(* Let $L$ be a finite modular lattice with exactly two coatoms and $U$ a finite modular lattice with exactly two atoms. Then any vertical 2-sum $L +_2 U$ is a modular lattice.
   Context: Let $L' = L \setminus \{\top_L\}$ and $U' = U \setminus \{\bot_U\}$. A vertical 2-sum $L +_2 U$ is the poset obtained from the disjoint union of $L'$ and $U'$ by identifying the two coatoms of $L$ with the two atoms of $U$ via some bijection; $x \le y$ iff $x,y \in L'$ and $x \le_L y$, or $x,y \in U'$ and $x \le_U y$, or $x \in L'$, $y \in U'$ and there is an identified element $c$ with $x \le_L c$ and $c \le_U y$. (This poset is a lattice.) *)

theory Defs
  imports Main "HOL-Algebra.Lattice"
begin

definition is_modular :: "('a::lattice) itself \<Rightarrow> bool" where
  "is_modular _ \<longleftrightarrow> (\<forall>x y z::'a. x \<le> z \<longrightarrow> sup x (inf y z) = inf (sup x y) z)"

definition coatoms :: "('a::bounded_lattice) set" where
  "coatoms = {c. c < Orderings.top \<and> \<not> (\<exists>x. c < x \<and> x < Orderings.top)}"

definition atoms :: "('a::bounded_lattice) set" where
  "atoms = {a. Orderings.bot < a \<and> \<not> (\<exists>x. Orderings.bot < x \<and> x < a)}"

(* Vertical 2-sum L +_2 U along a bijection f : coatoms(L) -> atoms(U).
   Elements are represented in 'a + 'b: Inl x for x in L' = L - {top};
   Inr y for y in U' = U - {bot} that is not an atom of U (the atoms of U
   are identified with the coatoms of L and represented by the latter). *)
definition vsum2_carrier :: "(('a::bounded_lattice) + ('b::bounded_lattice)) set" where
  "vsum2_carrier = {Inl x | x. x \<noteq> Orderings.top} \<union> {Inr y | y. y \<noteq> Orderings.bot \<and> y \<notin> atoms}"

(* embedding of the identified representatives: an L'-element x is viewed
   in U as f x when x is a coatom *)
fun vsum2_le :: "('a::bounded_lattice \<Rightarrow> 'b::bounded_lattice) \<Rightarrow> ('a + 'b) \<Rightarrow> ('a + 'b) \<Rightarrow> bool" where
  "vsum2_le f (Inl x) (Inl x') \<longleftrightarrow> x \<le> x'"
| "vsum2_le f (Inr y) (Inr y') \<longleftrightarrow> y \<le> y'"
| "vsum2_le f (Inl x) (Inr y) \<longleftrightarrow> (\<exists>c\<in>coatoms. x \<le> c \<and> f c \<le> y)"
| "vsum2_le f (Inr y) (Inl x) \<longleftrightarrow> False"

definition vsum2 :: "('a::bounded_lattice \<Rightarrow> 'b::bounded_lattice) \<Rightarrow> ('a + 'b) gorder" where
  "vsum2 f = \<lparr>carrier = vsum2_carrier, eq = (=), le = vsum2_le f\<rparr>"

definition modular_lattice :: "('c, 'd) gorder_scheme \<Rightarrow> bool" where
  "modular_lattice P \<longleftrightarrow> lattice P \<and>
     (\<forall>x\<in>carrier P. \<forall>y\<in>carrier P. \<forall>z\<in>carrier P.
        x \<sqsubseteq>\<^bsub>P\<^esub> z \<longrightarrow> x \<squnion>\<^bsub>P\<^esub> (y \<sqinter>\<^bsub>P\<^esub> z) = (x \<squnion>\<^bsub>P\<^esub> y) \<sqinter>\<^bsub>P\<^esub> z)"

end

theory Submission
  imports Defs
begin

(*
  Map the 2-sum P into L \<times> U: the element x of L' goes to x paired with the meet of the
  atoms f c with x \<le> c, and the element y of the U-part goes to y paired with the join of
  the coatoms c with f c \<le> y. This is an order embedding but not a lattice embedding.
  Still, the L-coordinate preserves all meets and every join with an element of L', and the
  U-coordinate preserves all joins and every meet with an element of the U-part. So for
  x \<le> z the two sides of the modular law have equal L-coordinates (by modularity of L) when
  x is in L', and equal U-coordinates (by modularity of U) when z is in the U-part. If x and z
  both lie in L', so do both sides, and there the L-coordinate determines the element;
  dually if both lie in the U-part.
*)

lemma lattice_by_join_meet:
  fixes P :: "('c, 'd) gorder_scheme"
  assumes po: "partial_order P"
    and J: "\<And>x y. x \<in> carrier P \<Longrightarrow> y \<in> carrier P \<Longrightarrow> J x y \<in> carrier P \<and> x \<sqsubseteq>\<^bsub>P\<^esub> J x y \<and> y \<sqsubseteq>\<^bsub>P\<^esub> J x y
        \<and> (\<forall>z\<in>carrier P. x \<sqsubseteq>\<^bsub>P\<^esub> z \<and> y \<sqsubseteq>\<^bsub>P\<^esub> z \<longrightarrow> J x y \<sqsubseteq>\<^bsub>P\<^esub> z)"
    and M: "\<And>x y. x \<in> carrier P \<Longrightarrow> y \<in> carrier P \<Longrightarrow> M x y \<in> carrier P \<and> M x y \<sqsubseteq>\<^bsub>P\<^esub> x \<and> M x y \<sqsubseteq>\<^bsub>P\<^esub> y
        \<and> (\<forall>z\<in>carrier P. z \<sqsubseteq>\<^bsub>P\<^esub> x \<and> z \<sqsubseteq>\<^bsub>P\<^esub> y \<longrightarrow> z \<sqsubseteq>\<^bsub>P\<^esub> M x y)"
  shows "lattice P"
    and "\<And>x y. x \<in> carrier P \<Longrightarrow> y \<in> carrier P \<Longrightarrow> x \<squnion>\<^bsub>P\<^esub> y = J x y"
    and "\<And>x y. x \<in> carrier P \<Longrightarrow> y \<in> carrier P \<Longrightarrow> x \<sqinter>\<^bsub>P\<^esub> y = M x y"
proof -
  interpret partial_order P by (rule po)
  have least_J: "least P (J x y) (Upper P {x, y})" if "x \<in> carrier P" "y \<in> carrier P" for x y
    using J[OF that] that unfolding least_def Upper_def by auto
  have greatest_M: "greatest P (M x y) (Lower P {x, y})" if "x \<in> carrier P" "y \<in> carrier P" for x y
    using M[OF that] that unfolding greatest_def Lower_def by auto
  show "lattice P"
    by unfold_locales (use least_J greatest_M in blast)+
  show "x \<squnion>\<^bsub>P\<^esub> y = J x y" if "x \<in> carrier P" "y \<in> carrier P" for x y
    unfolding join_def sup_def
    by (rule some_equality) (use least_J[OF that] least_unique in blast)+
  show "x \<sqinter>\<^bsub>P\<^esub> y = M x y" if "x \<in> carrier P" "y \<in> carrier P" for x y
    unfolding meet_def inf_def
    by (rule some_equality) (use greatest_M[OF that] greatest_unique in blast)+
qed

lemma ex_coatom_above:
  fixes x :: "'a::{finite, bounded_lattice}"
  assumes "x \<noteq> Orderings.top"
  shows "\<exists>c\<in>coatoms. x \<le> c"
proof -
  obtain m where m: "x \<le> m" "m \<noteq> Orderings.top" and max: "\<And>z. m \<le> z \<Longrightarrow> z \<noteq> Orderings.top \<Longrightarrow> m = z"
    using finite_has_maximal2[of "{z. x \<le> z \<and> z \<noteq> Orderings.top}" x] assms by auto
  have "m \<in> coatoms"
    unfolding coatoms_def
  proof safe
    show "m < Orderings.top"
      using m(2) less_top by blast
    fix z assume "m < z" "z < Orderings.top"
    with max[of z] show False
      by (auto simp: order.strict_iff_order)
  qed
  with m show ?thesis by blast
qed

lemma ex_atom_below:
  fixes y :: "'a::{finite, bounded_lattice}"
  assumes "y \<noteq> bot"
  shows "\<exists>a\<in>atoms. a \<le> y"
proof -
  obtain m where m: "m \<le> y" "m \<noteq> bot" and min: "\<And>z. z \<le> m \<Longrightarrow> z \<noteq> bot \<Longrightarrow> m = z"
    using finite_has_minimal2[of "{z. z \<le> y \<and> z \<noteq> bot}" y] assms by auto
  have "m \<in> atoms"
    unfolding atoms_def
  proof safe
    show "bot < m"
      using m(2) bot_less by blast
    fix z assume "bot < z" "z < m"
    with min[of z] show False
      by (auto simp: order.strict_iff_order)
  qed
  with m show ?thesis by blast
qed

lemma coatom_less_top: "c \<in> coatoms \<Longrightarrow> c < Orderings.top"
  by (simp add: coatoms_def)

lemma bot_less_atom: "a \<in> atoms \<Longrightarrow> bot < a"
  by (simp add: atoms_def)

lemma coatom_sup_eq_top:
  fixes c :: "'a::bounded_lattice"
  assumes "c \<in> coatoms" and "\<not> x \<le> c"
  shows "sup x c = Orderings.top"
proof -
  have "c < sup x c"
    using assms(2) by (simp add: order.strict_iff_order sup.absorb_iff2 sup_commute)
  with assms(1) have "\<not> sup x c < Orderings.top"
    unfolding coatoms_def by blast
  then show ?thesis
    using less_top by blast
qed

lemma atom_inf_eq_bot:
  fixes a :: "'a::bounded_lattice"
  assumes "a \<in> atoms" and "\<not> a \<le> y"
  shows "inf a y = bot"
proof -
  have "inf a y < a"
    using assms(2) by (metis inf.cobounded1 inf.cobounded2 order_less_le)
  with assms(1) have "\<not> bot < inf a y"
    unfolding atoms_def by blast
  then show ?thesis
    using bot_less by blast
qed

locale vsum2_setting =
  fixes f :: "'a::{finite, bounded_lattice} \<Rightarrow> 'b::{finite, bounded_lattice}"
    and c1 c2 :: 'a
  assumes modular_L: "\<And>x y z :: 'a. x \<le> z \<Longrightarrow> sup x (inf y z) = inf (sup x y) z"
    and modular_U: "\<And>x y z :: 'b. x \<le> z \<Longrightarrow> sup x (inf y z) = inf (sup x y) z"
    and coatoms_eq: "coatoms = {c1, c2}"
    and coatoms_distinct: "c1 \<noteq> c2"
    and atoms_eq: "atoms = {f c1, f c2}"
    and atoms_distinct: "f c1 \<noteq> f c2"
begin

abbreviation "a1 \<equiv> f c1"
abbreviation "a2 \<equiv> f c2"

lemma below_coatom: "x \<noteq> Orderings.top \<Longrightarrow> x \<le> c1 \<or> x \<le> c2"
  using ex_coatom_above[of x] by (auto simp: coatoms_eq)

lemma above_atom: "y \<noteq> bot \<Longrightarrow> a1 \<le> y \<or> a2 \<le> y"
  using ex_atom_below[of y] by (auto simp: atoms_eq)

lemma coatom_sup_eq_top1: "\<not> x \<le> c1 \<Longrightarrow> sup x c1 = Orderings.top"
  and coatom_sup_eq_top2: "\<not> x \<le> c2 \<Longrightarrow> sup x c2 = Orderings.top"
  by (simp_all add: coatom_sup_eq_top coatoms_eq)

lemma atom_inf_eq_bot1: "\<not> a1 \<le> y \<Longrightarrow> inf a1 y = bot"
  and atom_inf_eq_bot2: "\<not> a2 \<le> y \<Longrightarrow> inf a2 y = bot"
  by (simp_all add: atom_inf_eq_bot atoms_eq)

lemma coatoms_ne_top: "c1 \<noteq> Orderings.top" "c2 \<noteq> Orderings.top"
  using coatom_less_top[of c1] coatom_less_top[of c2] by (auto simp: coatoms_eq)

lemma atoms_ne_bot: "a1 \<noteq> bot" "a2 \<noteq> bot"
  using bot_less_atom[of a1] bot_less_atom[of a2] by (auto simp: atoms_eq)

lemma coatoms_incomparable: "\<not> c1 \<le> c2" "\<not> c2 \<le> c1"
  using coatom_sup_eq_top1[of c2] coatom_sup_eq_top2[of c1] coatoms_distinct coatoms_ne_top
  by (metis sup.absorb2 sup_commute)+

lemma atoms_incomparable: "\<not> a1 \<le> a2" "\<not> a2 \<le> a1"
  using atom_inf_eq_bot1[of a2] atom_inf_eq_bot2[of a1] atoms_distinct atoms_ne_bot
  by (metis inf.absorb1 inf_commute)+

lemma sup_coatoms: "sup c1 c2 = Orderings.top"
  using coatom_sup_eq_top2 coatoms_incomparable(1) by blast

lemma inf_atoms: "inf a1 a2 = bot"
  using atom_inf_eq_bot1 atoms_incomparable(1) by blast

definition coatom_trace :: "'b \<Rightarrow> 'a" where
  "coatom_trace y = sup (if a1 \<le> y then c1 else bot) (if a2 \<le> y then c2 else bot)"

definition atom_trace :: "'a \<Rightarrow> 'b" where
  "atom_trace x = inf (if x \<le> c1 then a1 else Orderings.top) (if x \<le> c2 then a2 else Orderings.top)"

lemma coatom_trace_simps:
  "a1 \<le> y \<Longrightarrow> a2 \<le> y \<Longrightarrow> coatom_trace y = Orderings.top"
  "a1 \<le> y \<Longrightarrow> \<not> a2 \<le> y \<Longrightarrow> coatom_trace y = c1"
  "\<not> a1 \<le> y \<Longrightarrow> a2 \<le> y \<Longrightarrow> coatom_trace y = c2"
  by (simp_all add: coatom_trace_def sup_coatoms)

lemma atom_trace_simps:
  "x \<le> c1 \<Longrightarrow> x \<le> c2 \<Longrightarrow> atom_trace x = bot"
  "x \<le> c1 \<Longrightarrow> \<not> x \<le> c2 \<Longrightarrow> atom_trace x = a1"
  "\<not> x \<le> c1 \<Longrightarrow> x \<le> c2 \<Longrightarrow> atom_trace x = a2"
  by (simp_all add: atom_trace_def inf_atoms)

lemma coatom_trace_mono: "y \<le> y' \<Longrightarrow> coatom_trace y \<le> coatom_trace y'"
  unfolding coatom_trace_def by (intro sup_mono) (auto dest: order_trans)

lemma atom_trace_mono: "x \<le> x' \<Longrightarrow> atom_trace x \<le> atom_trace x'"
  unfolding atom_trace_def by (intro inf_mono) (auto dest: order_trans)

lemma coatom_trace_eq_top_iff: "coatom_trace y = Orderings.top \<longleftrightarrow> a1 \<le> y \<and> a2 \<le> y"
proof -
  have "(bot :: 'a) \<noteq> Orderings.top"
    using coatoms_ne_top(1) by (metis bot_least top_unique)
  then show ?thesis
    using coatoms_ne_top by (auto simp: coatom_trace_def sup_coatoms)
qed

definition upper :: "'b \<Rightarrow> bool" where
  "upper y \<longleftrightarrow> y \<noteq> bot \<and> y \<notin> atoms"

lemma upper_iff: "upper y \<longleftrightarrow> y \<noteq> bot \<and> y \<noteq> a1 \<and> y \<noteq> a2"
  by (simp add: upper_def atoms_eq)

lemma upper_mono:
  assumes "upper y" "y \<le> y'"
  shows "upper y'"
proof -
  have "bot < y"
    using assms(1) by (simp add: upper_def bot_less[symmetric])
  have "y' \<notin> atoms"
  proof
    assume "y' \<in> atoms"
    with \<open>bot < y\<close> have "\<not> y < y'"
      unfolding atoms_def by blast
    with assms(2) have "y' = y"
      using order_le_less by blast
    with assms(1) \<open>y' \<in> atoms\<close> show False
      by (simp add: upper_def)
  qed
  moreover have "y' \<noteq> bot"
    using order.strict_trans2[OF \<open>bot < y\<close> assms(2)] by simp
  ultimately show ?thesis
    by (simp add: upper_def)
qed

▶ [ABOUT THIS TASK]
Where in the entries does the word "preserves" occur? Copy out each line that has it.

▶ [ANSWER BOX]
  Still, the L-coordinate preserves all meets and every join with an element of L', and the
  U-coordinate preserves all joins and every meet with an element of the U-part. So for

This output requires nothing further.